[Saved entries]
Start of Block

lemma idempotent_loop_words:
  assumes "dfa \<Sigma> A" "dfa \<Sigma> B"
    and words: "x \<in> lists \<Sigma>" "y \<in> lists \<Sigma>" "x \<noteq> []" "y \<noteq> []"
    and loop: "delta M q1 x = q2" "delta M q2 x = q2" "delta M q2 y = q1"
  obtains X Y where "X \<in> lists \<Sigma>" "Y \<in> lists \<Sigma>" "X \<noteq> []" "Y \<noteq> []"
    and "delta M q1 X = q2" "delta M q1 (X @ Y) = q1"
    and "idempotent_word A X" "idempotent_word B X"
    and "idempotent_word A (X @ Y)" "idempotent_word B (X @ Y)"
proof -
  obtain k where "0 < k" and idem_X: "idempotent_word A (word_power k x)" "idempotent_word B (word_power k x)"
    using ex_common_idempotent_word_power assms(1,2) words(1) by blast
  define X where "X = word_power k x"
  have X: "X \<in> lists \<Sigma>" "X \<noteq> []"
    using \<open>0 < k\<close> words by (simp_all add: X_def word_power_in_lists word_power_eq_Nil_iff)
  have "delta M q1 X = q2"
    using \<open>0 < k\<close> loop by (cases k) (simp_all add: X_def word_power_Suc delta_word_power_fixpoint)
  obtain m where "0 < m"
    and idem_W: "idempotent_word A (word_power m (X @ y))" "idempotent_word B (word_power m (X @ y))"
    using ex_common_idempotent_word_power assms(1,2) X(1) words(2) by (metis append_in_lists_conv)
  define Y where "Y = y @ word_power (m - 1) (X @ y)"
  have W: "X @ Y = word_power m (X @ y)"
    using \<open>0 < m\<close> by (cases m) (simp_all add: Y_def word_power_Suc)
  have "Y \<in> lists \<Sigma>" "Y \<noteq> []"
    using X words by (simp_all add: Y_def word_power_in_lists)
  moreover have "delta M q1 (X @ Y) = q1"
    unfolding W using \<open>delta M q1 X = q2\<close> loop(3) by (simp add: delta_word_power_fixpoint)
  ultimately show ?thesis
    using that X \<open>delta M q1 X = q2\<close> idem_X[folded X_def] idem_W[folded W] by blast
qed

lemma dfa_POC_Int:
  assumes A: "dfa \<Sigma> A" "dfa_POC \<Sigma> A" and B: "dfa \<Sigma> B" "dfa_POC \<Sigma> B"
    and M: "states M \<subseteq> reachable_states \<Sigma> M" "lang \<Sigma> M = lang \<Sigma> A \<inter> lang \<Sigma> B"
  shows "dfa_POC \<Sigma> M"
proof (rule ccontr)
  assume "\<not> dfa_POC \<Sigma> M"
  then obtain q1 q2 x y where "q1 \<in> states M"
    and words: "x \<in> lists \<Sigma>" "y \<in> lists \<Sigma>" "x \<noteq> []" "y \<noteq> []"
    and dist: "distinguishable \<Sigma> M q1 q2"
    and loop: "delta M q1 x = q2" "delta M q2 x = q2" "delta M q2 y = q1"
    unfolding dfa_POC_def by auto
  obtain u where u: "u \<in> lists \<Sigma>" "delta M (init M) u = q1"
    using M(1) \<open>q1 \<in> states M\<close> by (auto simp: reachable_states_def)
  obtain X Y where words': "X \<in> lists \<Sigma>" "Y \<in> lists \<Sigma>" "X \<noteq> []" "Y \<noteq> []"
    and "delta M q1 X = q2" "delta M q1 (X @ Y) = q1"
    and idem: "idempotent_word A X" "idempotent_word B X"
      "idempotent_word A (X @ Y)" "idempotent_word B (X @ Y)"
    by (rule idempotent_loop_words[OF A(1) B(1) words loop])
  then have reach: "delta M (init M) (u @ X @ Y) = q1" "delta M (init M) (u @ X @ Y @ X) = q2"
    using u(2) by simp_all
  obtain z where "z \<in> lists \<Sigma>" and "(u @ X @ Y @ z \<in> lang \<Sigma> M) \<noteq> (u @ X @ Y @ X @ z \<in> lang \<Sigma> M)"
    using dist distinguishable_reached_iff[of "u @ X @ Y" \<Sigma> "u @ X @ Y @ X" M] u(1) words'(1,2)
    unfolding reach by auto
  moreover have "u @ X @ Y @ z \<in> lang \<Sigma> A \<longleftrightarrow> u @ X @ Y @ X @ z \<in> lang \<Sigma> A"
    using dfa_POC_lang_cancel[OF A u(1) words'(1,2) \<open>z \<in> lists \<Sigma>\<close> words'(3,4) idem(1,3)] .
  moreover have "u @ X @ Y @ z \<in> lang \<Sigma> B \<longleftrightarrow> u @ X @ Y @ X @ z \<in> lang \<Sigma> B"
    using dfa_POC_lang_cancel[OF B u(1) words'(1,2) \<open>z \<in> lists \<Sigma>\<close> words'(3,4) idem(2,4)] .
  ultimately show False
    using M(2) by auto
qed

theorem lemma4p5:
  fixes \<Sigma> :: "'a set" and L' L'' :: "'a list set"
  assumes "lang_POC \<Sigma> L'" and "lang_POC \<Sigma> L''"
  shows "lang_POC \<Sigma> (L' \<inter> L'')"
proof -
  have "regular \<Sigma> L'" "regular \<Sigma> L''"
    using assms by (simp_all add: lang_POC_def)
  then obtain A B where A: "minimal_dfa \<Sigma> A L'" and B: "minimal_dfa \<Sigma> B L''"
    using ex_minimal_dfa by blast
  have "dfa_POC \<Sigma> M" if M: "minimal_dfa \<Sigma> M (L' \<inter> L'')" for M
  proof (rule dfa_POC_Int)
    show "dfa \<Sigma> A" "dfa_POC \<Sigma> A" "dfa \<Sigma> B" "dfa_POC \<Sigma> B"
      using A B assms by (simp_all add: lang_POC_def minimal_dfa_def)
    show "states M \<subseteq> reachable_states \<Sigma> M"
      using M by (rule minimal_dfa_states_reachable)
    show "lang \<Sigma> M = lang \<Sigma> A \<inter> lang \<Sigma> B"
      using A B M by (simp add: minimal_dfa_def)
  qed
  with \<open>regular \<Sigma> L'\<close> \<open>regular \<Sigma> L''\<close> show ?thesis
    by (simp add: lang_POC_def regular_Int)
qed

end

End of Block
Start of Block

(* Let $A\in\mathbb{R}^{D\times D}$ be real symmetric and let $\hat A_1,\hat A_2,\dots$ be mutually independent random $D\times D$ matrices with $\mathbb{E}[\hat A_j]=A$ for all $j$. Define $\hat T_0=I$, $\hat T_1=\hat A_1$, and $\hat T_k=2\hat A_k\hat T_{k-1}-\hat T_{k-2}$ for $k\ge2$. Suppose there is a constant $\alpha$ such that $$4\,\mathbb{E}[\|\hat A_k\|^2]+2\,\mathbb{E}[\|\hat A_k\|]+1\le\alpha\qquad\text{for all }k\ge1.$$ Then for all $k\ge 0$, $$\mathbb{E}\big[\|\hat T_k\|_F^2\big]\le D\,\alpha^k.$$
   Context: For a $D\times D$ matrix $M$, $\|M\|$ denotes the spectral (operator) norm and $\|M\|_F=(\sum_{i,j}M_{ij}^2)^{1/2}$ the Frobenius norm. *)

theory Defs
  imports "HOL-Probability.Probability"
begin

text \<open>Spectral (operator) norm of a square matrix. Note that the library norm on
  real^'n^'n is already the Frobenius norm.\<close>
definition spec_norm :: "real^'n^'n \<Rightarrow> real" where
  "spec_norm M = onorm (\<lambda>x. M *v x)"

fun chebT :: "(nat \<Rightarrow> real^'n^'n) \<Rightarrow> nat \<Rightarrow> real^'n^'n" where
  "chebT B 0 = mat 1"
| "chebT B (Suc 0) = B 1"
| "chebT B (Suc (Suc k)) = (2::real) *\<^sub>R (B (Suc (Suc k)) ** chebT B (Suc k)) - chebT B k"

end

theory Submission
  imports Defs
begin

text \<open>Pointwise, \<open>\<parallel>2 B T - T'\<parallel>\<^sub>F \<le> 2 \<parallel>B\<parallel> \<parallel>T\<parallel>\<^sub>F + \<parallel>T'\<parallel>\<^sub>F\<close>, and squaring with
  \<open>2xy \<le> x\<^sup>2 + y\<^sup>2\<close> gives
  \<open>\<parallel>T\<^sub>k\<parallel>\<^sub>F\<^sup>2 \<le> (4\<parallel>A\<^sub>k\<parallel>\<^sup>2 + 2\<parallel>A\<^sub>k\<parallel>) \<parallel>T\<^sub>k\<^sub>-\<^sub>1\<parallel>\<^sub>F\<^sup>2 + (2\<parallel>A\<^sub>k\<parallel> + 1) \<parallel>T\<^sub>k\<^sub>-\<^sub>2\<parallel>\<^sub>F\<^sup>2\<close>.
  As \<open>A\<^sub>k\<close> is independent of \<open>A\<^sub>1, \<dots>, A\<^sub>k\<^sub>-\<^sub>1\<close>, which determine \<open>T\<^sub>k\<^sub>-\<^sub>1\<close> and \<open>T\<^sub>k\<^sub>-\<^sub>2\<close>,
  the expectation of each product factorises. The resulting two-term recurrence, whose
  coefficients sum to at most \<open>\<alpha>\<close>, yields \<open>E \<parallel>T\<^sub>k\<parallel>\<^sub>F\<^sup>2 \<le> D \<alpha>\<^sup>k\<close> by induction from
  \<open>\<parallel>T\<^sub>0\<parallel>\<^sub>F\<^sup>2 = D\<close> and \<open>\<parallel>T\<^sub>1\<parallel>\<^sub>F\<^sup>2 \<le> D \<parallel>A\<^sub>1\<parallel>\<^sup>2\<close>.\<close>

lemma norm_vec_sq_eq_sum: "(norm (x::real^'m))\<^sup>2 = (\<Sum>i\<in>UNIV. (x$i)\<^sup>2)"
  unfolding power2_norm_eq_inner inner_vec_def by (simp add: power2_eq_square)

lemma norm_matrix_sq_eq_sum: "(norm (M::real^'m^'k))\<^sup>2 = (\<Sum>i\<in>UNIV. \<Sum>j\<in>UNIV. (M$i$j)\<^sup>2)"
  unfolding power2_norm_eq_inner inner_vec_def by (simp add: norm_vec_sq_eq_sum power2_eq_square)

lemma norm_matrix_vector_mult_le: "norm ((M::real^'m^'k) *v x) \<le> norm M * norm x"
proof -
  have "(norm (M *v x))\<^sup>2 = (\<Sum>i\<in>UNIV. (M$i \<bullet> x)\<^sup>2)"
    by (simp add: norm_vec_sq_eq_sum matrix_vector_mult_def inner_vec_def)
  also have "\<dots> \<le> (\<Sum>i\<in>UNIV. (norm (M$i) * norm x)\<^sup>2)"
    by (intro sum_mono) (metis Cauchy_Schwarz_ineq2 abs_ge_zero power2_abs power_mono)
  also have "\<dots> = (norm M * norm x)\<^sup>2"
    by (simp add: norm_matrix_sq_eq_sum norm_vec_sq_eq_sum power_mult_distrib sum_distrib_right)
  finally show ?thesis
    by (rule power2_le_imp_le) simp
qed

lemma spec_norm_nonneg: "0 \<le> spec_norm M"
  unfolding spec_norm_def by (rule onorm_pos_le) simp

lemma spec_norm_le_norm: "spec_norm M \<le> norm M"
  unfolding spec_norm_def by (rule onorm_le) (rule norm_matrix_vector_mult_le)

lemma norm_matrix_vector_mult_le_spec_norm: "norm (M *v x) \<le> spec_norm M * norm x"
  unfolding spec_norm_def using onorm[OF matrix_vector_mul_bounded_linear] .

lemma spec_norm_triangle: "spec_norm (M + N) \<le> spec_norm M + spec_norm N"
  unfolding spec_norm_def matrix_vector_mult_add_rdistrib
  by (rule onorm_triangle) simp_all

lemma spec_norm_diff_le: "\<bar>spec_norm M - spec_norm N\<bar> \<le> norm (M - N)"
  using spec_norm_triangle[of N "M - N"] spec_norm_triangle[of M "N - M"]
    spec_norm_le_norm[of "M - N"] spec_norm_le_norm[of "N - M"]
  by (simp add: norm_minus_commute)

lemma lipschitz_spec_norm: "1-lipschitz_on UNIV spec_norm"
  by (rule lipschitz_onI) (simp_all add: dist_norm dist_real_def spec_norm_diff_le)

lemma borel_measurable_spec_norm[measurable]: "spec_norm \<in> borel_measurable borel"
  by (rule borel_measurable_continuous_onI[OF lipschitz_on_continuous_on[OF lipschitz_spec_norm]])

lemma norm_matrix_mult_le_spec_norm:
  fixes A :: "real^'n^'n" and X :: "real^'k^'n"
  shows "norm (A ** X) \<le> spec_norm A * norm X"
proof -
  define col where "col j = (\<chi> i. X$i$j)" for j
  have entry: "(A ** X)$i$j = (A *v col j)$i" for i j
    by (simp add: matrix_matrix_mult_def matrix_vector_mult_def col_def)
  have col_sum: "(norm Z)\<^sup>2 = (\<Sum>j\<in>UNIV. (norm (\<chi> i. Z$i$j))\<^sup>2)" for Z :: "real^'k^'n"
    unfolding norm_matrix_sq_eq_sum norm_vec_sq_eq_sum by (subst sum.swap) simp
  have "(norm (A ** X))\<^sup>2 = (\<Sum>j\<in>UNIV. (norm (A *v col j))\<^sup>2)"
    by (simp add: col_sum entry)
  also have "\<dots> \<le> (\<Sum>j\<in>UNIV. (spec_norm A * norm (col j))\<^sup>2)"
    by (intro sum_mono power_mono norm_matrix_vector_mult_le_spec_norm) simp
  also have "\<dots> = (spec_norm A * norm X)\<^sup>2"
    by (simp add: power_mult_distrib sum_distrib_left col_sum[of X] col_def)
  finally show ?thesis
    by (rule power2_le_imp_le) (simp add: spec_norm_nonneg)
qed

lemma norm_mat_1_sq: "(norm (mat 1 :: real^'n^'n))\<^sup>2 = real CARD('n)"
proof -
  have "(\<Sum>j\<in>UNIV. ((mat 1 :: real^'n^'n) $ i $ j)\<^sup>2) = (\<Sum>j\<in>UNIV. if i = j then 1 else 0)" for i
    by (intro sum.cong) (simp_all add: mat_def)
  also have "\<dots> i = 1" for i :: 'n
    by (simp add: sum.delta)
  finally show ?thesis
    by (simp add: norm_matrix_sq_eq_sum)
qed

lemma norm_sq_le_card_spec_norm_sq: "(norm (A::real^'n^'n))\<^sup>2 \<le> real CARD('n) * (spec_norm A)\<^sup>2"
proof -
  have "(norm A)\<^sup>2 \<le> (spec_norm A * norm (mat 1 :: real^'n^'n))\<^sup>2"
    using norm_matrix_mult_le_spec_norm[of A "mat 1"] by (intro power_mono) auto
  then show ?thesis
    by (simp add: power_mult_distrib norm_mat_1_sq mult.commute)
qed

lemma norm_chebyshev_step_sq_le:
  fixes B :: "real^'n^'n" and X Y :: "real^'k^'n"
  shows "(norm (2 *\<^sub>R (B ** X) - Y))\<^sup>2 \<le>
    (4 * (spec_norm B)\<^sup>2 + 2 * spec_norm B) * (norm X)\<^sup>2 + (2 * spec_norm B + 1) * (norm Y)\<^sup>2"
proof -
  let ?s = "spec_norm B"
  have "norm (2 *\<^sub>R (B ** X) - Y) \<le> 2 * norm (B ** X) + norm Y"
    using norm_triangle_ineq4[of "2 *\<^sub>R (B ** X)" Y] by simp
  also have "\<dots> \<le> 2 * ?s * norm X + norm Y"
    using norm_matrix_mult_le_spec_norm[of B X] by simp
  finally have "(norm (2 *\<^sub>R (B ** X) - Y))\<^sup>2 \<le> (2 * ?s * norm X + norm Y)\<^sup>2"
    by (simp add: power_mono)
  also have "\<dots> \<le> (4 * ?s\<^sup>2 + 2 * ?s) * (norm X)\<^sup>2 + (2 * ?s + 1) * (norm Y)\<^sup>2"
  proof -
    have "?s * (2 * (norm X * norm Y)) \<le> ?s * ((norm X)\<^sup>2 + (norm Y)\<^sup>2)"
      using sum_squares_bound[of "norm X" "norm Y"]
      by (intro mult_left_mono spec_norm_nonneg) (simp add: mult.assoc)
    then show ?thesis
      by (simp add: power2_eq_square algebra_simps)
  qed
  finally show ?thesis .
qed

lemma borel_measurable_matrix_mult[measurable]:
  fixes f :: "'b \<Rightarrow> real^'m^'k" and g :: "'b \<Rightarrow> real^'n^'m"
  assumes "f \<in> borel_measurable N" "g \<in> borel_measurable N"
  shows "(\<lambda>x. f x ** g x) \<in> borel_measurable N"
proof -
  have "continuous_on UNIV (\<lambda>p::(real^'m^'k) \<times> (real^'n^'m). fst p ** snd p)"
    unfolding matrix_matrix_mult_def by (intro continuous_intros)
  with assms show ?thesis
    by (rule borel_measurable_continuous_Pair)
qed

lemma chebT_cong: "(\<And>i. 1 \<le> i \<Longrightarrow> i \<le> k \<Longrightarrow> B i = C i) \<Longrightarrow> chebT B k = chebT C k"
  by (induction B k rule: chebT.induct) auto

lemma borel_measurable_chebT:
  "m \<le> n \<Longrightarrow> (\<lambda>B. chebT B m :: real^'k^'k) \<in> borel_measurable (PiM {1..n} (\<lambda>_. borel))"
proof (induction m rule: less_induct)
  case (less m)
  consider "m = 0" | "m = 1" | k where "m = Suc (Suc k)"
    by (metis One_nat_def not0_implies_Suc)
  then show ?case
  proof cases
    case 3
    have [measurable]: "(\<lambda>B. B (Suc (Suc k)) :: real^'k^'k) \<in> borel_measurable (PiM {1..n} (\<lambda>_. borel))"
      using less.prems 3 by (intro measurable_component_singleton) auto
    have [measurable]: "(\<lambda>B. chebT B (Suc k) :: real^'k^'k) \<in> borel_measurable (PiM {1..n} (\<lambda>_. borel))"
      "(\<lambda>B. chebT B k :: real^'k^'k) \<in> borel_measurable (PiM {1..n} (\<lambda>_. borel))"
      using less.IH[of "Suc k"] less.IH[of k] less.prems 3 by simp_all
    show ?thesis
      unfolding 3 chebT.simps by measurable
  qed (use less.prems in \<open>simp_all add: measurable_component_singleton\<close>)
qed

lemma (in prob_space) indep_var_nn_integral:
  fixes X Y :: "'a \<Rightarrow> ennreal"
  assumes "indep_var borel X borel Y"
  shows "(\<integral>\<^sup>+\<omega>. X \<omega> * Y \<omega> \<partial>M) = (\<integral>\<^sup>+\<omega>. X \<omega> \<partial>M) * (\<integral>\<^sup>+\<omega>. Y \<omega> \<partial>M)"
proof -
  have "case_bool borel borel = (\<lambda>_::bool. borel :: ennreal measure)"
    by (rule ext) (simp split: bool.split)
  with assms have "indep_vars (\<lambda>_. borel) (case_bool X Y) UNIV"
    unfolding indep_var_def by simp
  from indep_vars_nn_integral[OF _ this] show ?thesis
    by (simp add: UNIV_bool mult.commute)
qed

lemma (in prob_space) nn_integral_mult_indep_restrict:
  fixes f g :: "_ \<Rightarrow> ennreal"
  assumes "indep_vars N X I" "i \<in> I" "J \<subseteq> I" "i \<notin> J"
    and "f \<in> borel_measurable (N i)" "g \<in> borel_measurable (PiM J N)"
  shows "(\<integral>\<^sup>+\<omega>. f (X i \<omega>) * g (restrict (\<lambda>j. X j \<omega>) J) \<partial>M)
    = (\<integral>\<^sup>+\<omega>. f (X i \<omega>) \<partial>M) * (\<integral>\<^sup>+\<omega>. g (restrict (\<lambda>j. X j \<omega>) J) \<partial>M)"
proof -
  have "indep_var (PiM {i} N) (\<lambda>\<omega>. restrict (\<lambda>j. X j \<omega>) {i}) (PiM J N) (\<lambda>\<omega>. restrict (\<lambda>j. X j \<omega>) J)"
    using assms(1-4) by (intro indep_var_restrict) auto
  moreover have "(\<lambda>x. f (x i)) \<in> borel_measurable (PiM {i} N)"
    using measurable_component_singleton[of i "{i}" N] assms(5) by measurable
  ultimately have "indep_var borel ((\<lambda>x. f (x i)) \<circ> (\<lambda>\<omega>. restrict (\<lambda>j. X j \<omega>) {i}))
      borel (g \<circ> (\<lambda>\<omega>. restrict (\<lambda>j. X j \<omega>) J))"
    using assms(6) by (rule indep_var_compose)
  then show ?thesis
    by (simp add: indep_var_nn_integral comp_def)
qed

End of Block

### INSTRUCTIONS FOR THE TASK:
Please report every line in the entries above that holds the string "shows".

### EXERCISE RESPONSE:
  shows "dfa_POC \<Sigma> M"
  shows "lang_POC \<Sigma> (L' \<inter> L'')"
  shows "norm (A ** X) \<le> spec_norm A * norm X"
  shows "(norm (2 *\<^sub>R (B ** X) - Y))\<^sup>2 \<le>
  shows "(\<lambda>x. f x ** g x) \<in> borel_measurable N"
  shows "(\<integral>\<^sup>+\<omega>. X \<omega> * Y \<omega> \<partial>M) = (\<integral>\<^sup>+\<omega>. X \<omega> \<partial>M) * (\<integral>\<^sup>+\<omega>. Y \<omega> \<partial>M)"
  shows "(\<integral>\<^sup>+\<omega>. f (X i \<omega>) * g (restrict (\<lambda>j. X j \<omega>) J) \<partial>M)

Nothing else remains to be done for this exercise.